- _Data supplied_:
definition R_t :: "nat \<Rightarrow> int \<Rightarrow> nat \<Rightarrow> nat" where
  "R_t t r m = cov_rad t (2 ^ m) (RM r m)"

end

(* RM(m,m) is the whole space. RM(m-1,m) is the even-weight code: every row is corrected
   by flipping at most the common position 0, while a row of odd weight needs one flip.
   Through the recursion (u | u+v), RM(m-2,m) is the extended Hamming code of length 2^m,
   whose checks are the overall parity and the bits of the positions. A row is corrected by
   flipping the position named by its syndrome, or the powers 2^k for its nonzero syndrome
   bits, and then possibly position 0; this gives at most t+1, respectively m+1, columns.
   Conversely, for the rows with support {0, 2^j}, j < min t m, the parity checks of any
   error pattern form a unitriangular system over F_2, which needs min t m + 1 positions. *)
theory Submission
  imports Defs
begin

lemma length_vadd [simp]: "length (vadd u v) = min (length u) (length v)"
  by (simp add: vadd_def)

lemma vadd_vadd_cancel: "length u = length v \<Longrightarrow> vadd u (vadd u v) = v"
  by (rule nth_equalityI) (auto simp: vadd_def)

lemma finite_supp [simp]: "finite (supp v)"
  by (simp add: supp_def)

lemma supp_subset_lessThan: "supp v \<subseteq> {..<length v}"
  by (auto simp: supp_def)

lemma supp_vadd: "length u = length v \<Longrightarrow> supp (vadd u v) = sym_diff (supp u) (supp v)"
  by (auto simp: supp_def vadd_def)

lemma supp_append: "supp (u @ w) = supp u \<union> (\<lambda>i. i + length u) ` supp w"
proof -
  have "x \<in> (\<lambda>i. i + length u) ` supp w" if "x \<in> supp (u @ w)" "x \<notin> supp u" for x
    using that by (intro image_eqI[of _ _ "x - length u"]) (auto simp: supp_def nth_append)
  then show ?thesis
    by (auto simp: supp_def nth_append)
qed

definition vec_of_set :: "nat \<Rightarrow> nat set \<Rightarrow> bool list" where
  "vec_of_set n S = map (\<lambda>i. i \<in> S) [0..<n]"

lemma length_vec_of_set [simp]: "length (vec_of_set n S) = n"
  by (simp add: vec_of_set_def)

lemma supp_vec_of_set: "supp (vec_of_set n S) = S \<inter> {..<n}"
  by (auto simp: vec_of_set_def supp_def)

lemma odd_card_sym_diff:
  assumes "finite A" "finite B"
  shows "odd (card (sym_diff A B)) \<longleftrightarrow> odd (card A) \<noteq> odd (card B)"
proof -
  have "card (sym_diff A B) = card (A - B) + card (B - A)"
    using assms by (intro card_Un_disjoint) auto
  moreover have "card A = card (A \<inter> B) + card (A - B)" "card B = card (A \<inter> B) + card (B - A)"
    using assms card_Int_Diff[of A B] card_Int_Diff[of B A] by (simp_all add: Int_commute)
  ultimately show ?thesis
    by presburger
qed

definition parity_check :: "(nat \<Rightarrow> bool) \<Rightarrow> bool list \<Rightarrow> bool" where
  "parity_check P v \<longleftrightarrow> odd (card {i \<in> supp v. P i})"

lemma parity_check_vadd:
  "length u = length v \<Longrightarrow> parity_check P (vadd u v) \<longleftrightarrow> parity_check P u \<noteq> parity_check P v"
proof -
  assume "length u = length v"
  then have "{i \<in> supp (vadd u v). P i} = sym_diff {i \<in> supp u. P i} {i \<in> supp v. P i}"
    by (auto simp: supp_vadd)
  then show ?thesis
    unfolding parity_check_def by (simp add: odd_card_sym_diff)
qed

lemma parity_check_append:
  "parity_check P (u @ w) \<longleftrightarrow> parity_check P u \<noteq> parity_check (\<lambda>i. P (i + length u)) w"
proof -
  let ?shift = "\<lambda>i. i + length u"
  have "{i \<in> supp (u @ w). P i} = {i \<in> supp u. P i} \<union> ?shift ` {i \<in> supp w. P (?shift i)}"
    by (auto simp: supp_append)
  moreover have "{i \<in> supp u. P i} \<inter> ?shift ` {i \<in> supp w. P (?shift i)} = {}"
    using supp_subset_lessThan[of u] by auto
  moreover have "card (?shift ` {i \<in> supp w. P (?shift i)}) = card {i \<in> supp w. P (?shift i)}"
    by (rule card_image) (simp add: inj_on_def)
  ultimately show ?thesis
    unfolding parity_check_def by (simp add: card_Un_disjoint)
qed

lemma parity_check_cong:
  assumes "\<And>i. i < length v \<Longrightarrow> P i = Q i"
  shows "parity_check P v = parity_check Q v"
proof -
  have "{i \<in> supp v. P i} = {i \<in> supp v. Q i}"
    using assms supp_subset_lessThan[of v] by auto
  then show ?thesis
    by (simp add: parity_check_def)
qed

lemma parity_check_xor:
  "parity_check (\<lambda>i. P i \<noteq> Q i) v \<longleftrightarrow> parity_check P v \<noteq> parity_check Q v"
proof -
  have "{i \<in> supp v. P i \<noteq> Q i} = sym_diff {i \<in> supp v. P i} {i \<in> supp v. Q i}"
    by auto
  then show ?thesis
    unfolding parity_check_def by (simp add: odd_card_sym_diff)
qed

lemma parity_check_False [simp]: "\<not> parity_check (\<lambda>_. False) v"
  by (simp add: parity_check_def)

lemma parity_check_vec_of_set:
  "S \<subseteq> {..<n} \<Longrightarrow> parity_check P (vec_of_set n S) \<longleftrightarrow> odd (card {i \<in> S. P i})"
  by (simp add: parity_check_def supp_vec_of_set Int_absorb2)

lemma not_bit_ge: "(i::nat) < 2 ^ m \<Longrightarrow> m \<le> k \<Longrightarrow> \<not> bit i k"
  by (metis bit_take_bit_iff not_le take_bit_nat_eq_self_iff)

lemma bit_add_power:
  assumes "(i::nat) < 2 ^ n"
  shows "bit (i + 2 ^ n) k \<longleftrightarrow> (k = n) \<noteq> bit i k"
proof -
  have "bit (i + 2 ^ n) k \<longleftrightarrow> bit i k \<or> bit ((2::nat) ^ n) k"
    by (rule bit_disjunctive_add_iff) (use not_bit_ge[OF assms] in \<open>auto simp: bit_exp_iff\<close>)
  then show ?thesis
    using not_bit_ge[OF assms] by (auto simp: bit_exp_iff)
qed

---

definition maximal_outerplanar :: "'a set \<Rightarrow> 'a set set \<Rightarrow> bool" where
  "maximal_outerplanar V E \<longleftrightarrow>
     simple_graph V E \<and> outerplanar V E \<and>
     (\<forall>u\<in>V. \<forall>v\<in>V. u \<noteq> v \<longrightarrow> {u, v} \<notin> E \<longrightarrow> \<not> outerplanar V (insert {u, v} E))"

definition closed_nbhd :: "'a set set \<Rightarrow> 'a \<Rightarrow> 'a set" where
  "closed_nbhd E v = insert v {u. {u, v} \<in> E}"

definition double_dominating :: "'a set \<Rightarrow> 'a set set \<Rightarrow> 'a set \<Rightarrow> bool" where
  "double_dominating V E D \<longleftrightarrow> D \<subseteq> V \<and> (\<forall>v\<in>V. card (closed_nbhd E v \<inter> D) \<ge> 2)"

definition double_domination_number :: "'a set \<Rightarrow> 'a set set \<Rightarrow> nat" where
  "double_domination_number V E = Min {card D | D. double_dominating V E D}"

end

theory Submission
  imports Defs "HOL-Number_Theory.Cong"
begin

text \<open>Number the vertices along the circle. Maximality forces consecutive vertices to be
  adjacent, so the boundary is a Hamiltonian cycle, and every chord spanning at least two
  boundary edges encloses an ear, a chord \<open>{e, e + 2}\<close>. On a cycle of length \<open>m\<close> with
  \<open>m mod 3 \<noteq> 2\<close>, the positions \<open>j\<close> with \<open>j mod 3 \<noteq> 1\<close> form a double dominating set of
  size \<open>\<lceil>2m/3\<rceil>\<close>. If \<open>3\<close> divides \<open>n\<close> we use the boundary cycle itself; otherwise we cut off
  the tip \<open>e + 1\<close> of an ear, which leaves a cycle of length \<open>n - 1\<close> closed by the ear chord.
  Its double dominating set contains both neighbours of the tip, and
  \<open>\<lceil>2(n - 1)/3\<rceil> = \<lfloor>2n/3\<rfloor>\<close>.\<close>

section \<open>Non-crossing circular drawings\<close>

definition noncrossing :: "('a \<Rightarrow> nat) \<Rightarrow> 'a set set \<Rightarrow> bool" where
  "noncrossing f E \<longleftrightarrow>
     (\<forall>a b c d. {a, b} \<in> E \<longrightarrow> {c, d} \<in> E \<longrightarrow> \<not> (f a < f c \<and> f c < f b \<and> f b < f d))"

--

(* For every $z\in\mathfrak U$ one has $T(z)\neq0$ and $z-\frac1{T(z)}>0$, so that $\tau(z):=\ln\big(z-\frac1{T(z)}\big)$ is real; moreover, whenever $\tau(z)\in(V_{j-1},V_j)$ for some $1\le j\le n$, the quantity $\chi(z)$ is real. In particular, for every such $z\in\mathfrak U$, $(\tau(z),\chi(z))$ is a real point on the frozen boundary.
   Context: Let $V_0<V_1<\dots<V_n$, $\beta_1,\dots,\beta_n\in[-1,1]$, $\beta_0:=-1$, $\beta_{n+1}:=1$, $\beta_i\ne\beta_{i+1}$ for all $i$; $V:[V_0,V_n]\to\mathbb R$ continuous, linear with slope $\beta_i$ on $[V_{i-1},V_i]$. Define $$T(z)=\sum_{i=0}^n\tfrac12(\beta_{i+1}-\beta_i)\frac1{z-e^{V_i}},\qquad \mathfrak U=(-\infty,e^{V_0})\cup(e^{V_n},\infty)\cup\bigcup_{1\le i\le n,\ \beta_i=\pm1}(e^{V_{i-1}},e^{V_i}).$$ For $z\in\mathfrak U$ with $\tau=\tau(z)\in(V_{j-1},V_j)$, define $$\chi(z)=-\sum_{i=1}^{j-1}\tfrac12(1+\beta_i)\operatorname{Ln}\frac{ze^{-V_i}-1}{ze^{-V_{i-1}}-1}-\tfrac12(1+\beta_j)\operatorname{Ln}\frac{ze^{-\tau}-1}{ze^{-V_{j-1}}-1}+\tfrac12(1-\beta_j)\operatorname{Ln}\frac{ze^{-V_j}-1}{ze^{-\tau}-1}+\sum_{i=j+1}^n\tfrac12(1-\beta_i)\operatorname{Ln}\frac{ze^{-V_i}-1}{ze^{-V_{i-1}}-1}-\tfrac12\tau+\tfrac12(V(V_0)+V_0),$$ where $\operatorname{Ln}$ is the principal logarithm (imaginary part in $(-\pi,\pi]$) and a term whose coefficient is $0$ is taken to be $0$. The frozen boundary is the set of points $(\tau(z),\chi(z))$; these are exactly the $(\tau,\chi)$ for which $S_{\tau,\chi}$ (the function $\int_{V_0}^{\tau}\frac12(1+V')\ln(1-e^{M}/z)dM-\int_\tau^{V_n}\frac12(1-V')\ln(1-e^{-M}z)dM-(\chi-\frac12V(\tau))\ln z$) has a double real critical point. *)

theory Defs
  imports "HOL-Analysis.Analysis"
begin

- _Task to carry out_: Copy here each line of the preceding records with "forall" in it.

- _Solution to this problem_:
     (\<forall>u\<in>V. \<forall>v\<in>V. u \<noteq> v \<longrightarrow> {u, v} \<notin> E \<longrightarrow> \<not> outerplanar V (insert {u, v} E))"
  "double_dominating V E D \<longleftrightarrow> D \<subseteq> V \<and> (\<forall>v\<in>V. card (closed_nbhd E v \<inter> D) \<ge> 2)"
     (\<forall>a b c d. {a, b} \<in> E \<longrightarrow> {c, d} \<in> E \<longrightarrow> \<not> (f a < f c \<and> f c < f b \<and> f b < f d))"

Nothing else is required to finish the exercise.